A Thurston County Superior Court judge ruled today a proposed ballot measure to enact a city income tax in Olympia is illegal. The Olympia City Council requested an injunction to keep the proposal off the November ballot. Based on the very clear ban in state law on local income taxes, the judge's decision was not a surprise and should help put the brakes on income tax supporters' efforts to "city shop" for a local electorate willing to set up a test case to see if the current state Supreme Court will uphold 80 years of case law banning graduated income taxes.
The city shopping attempt to force a test case is no surprise given the consistent and overwhelming failure to impose an income tax at the state level. In fact, the last nine times voters have been asked to adopt an income tax they have resoundingly said no:
- 1934 – HJR 12: Yes 43%; No 57%
- 1936 – SJR 7: Yes 22%; No 78%
- 1938 – SJR 5: Yes 33%; No 67%
- 1942 – Constitutional Amendment: Yes 34%; No 66%
- 1944 – I-158: Yes 30%; No 70%
- 1973 – HJR 37: Yes 23%; No 77%
- 1975 – I-314: Yes 33%; No 67%
- 1982 – I-435: Yes 34%; No 66%
- 2010 – I-1098: Yes 36%; No 64%
Interestingly, three of those rejected income tax proposals were dedicated to education spending (2010 - 64% no; 1975 - 67% no; and 1973 - 77% no). Two sales tax increase proposals earmarked for education have also been rejected by voters (2004 - 60% no; and 1989 - 66% no).
Numerous state Supreme Court rulings since 1930 have interpreted Article 7, Sections 1 and 2 of the state's constitution to require taxation of property, including income, to be uniform and limited to 1%. While there is no ban on enactment of a uniform income tax limited to 1%, under eight decades of legal precedents, a graduated or targeted income tax in Washington is unconstitutional.
While the state Department of Revenue (DOR) says that description of Washington's income tax ban is accurate, it provided this qualifier in an email:
"Revenue as an agency doesn't take a position on whether the current court would follow the old precedents and hold a graduated or targeted income tax unconstitutional."

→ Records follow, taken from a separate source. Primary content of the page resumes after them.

(* For every dimension $d\ge 1$, $\theta^{\rm D}(1,d)=0$.
   Context: Fix integers $d\ge1$ and $1\le k\le 2d$. The directed $k$-neighbor graph ($k$-DnG) on $\mathbb{Z}^d$ is the random directed graph obtained by letting each vertex $x\in\mathbb{Z}^d$, independently of all other vertices, choose a uniformly random subset of exactly $k$ of its $2d$ nearest neighbors (in $\ell_1$-distance), and placing a directed edge from $x$ to each chosen neighbor. We write $\theta^{\rm D}(k,d)=\mathbb{P}(o\rightsquigarrow\infty \text{ in the $k$-DnG on }\mathbb{Z}^d)$, where $o$ is the origin and $o\rightsquigarrow\infty$ is the event that there is an infinite self-avoiding directed path along edges of the $k$-DnG starting at $o$ (equivalently, $o$ is connected by directed paths to vertices arbitrarily far away). *)

theory Defs
  imports "HOL-Analysis.Analysis" "HOL-Probability.Probability"
begin

text \<open>Vertices of Z^d are vectors int^'d, where the finite type 'd indexes the
  d coordinates (so d = CARD('d) >= 1).  The 2d nearest neighbours of x are
  x + nbr_step (i, s): i a coordinate, s the sign (True = +1, False = -1).\<close>

definition nbr_step :: "'d::finite \<times> bool \<Rightarrow> int ^ 'd" where
  "nbr_step = (\<lambda>(i, s). (\<chi> j. if j = i then (if s then 1 else -1) else 0))"

definition choice_pmf :: "nat \<Rightarrow> ('d::finite \<times> bool) set pmf" where
  "choice_pmf k = pmf_of_set {S :: ('d \<times> bool) set. card S = k}"

text \<open>A configuration w assigns to each vertex x its chosen set w x of directions;
  the directed edges are x -> x + nbr_step e for e in w x.\<close>
definition dng_measure :: "nat \<Rightarrow> (int ^ 'd \<Rightarrow> ('d::finite \<times> bool) set) measure" where
  "dng_measure k = PiM UNIV (\<lambda>_. measure_pmf (choice_pmf k))"

definition reaches_infinity :: "(int ^ 'd \<Rightarrow> ('d::finite \<times> bool) set) set" where
  "reaches_infinity = {w. \<exists>p :: nat \<Rightarrow> int ^ 'd. p 0 = 0 \<and> inj p \<and>
       (\<forall>n. \<exists>e \<in> w (p n). p (Suc n) = p n + nbr_step e)}"

end

theory Submission
  imports Defs
begin

(* A self-avoiding path of n + 1 steps from the origin never reverses a step, so it is one of at
   most 2d (2d - 1)^n direction sequences; since it visits distinct vertices, the independent
   choices in the 1-DnG make each of them present with probability (2d)^-(n + 1).  Hence
   P(o ~> oo) <= (1 - 1/(2d))^n for every n.  The event o ~> oo is measurable because, by
   Koenig's lemma, it is the intersection over n of the events that some self-avoiding path of
   length n starts at o, each a finite union of cylinder sets. *)

lemma koenig_prefix_closed:
  fixes P :: "'a::finite list \<Rightarrow> bool"
  assumes prefix_closed: "\<And>xs ys. P (xs @ ys) \<Longrightarrow> P xs"
    and arbitrarily_long: "\<And>n. \<exists>xs. length xs = n \<and> P xs"
  shows "\<exists>f. \<forall>n. P (map f [0..<n])"
proof -
  define extendable where "extendable xs \<longleftrightarrow> (\<forall>m. \<exists>ys. length ys = m \<and> P (xs @ ys))" for xs
  have extend: "\<exists>x. extendable (xs @ [x])" if ext: "extendable xs" for xs
  \<comment> \<open>otherwise each letter x bounds the extensions of xs @ [x] by some m x, and the finitely
    many bounds contradict an extension of length Suc (Max (range m))\<close>
  proof (rule ccontr)
    assume "\<nexists>x. extendable (xs @ [x])"
    then have "\<forall>x. \<exists>m. \<forall>ys. length ys = m \<longrightarrow> \<not> P (xs @ x # ys)"
      by (auto simp: extendable_def)
    then obtain m where m: "\<And>x ys. length ys = m x \<Longrightarrow> \<not> P (xs @ x # ys)"
      by metis
    define M where "M = Max (range m)"
    obtain ys where "length ys = Suc M" "P (xs @ ys)"
      using ext by (auto simp: extendable_def)
    then obtain x zs where zs: "length zs = M" "P (xs @ x # zs)"
      by (cases ys) auto
    have "m x \<le> M"
      unfolding M_def by (rule Max_ge) auto
    then have "P (xs @ x # take (m x) zs)"
      using prefix_closed[of "xs @ x # take (m x) zs" "drop (m x) zs"] zs by simp
    with m show False
      using \<open>m x \<le> M\<close> zs(1) by simp
  qed
  define branch where "branch = rec_nat [] (\<lambda>_ xs. xs @ [SOME x. extendable (xs @ [x])])"
  have branch_0: "branch 0 = []"
    and branch_Suc: "branch (Suc n) = branch n @ [SOME x. extendable (branch n @ [x])]" for n
    by (simp_all add: branch_def)
  have extendable_branch: "extendable (branch n)" for n
  proof (induction n)
    case 0
    show ?case
      using arbitrarily_long by (simp add: branch_0 extendable_def)
  next
    case (Suc n)
    show ?case
      unfolding branch_Suc using someI_ex[OF extend[OF Suc.IH]] .
  qed
  have "map (\<lambda>n. last (branch (Suc n))) [0..<n] = branch n" for n
    by (induction n) (simp_all add: branch_0 branch_Suc)
  moreover have "P (branch n)" for n
    using extendable_branch[of n] by (auto simp: extendable_def dest: prefix_closed)
  ultimately show ?thesis
    by metis
qed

This is why there has been an ongoing effort by income tax supporters to find a test case. With today's ruling in Thurston County striking the Olympia income tax proposal from the ballot, those efforts will probably focus again back at the state level (most likely with proposals for a capital gains income tax).
Unless we want to leave the state's income tax ban up to a mere five votes on the state Supreme Court in hopes they'll follow eight decades of precedent, Washingtonians should encourage lawmakers to let the people act on a constitutional amendment making the state's ban on income taxes crystal clear and immune from judicial tinkering.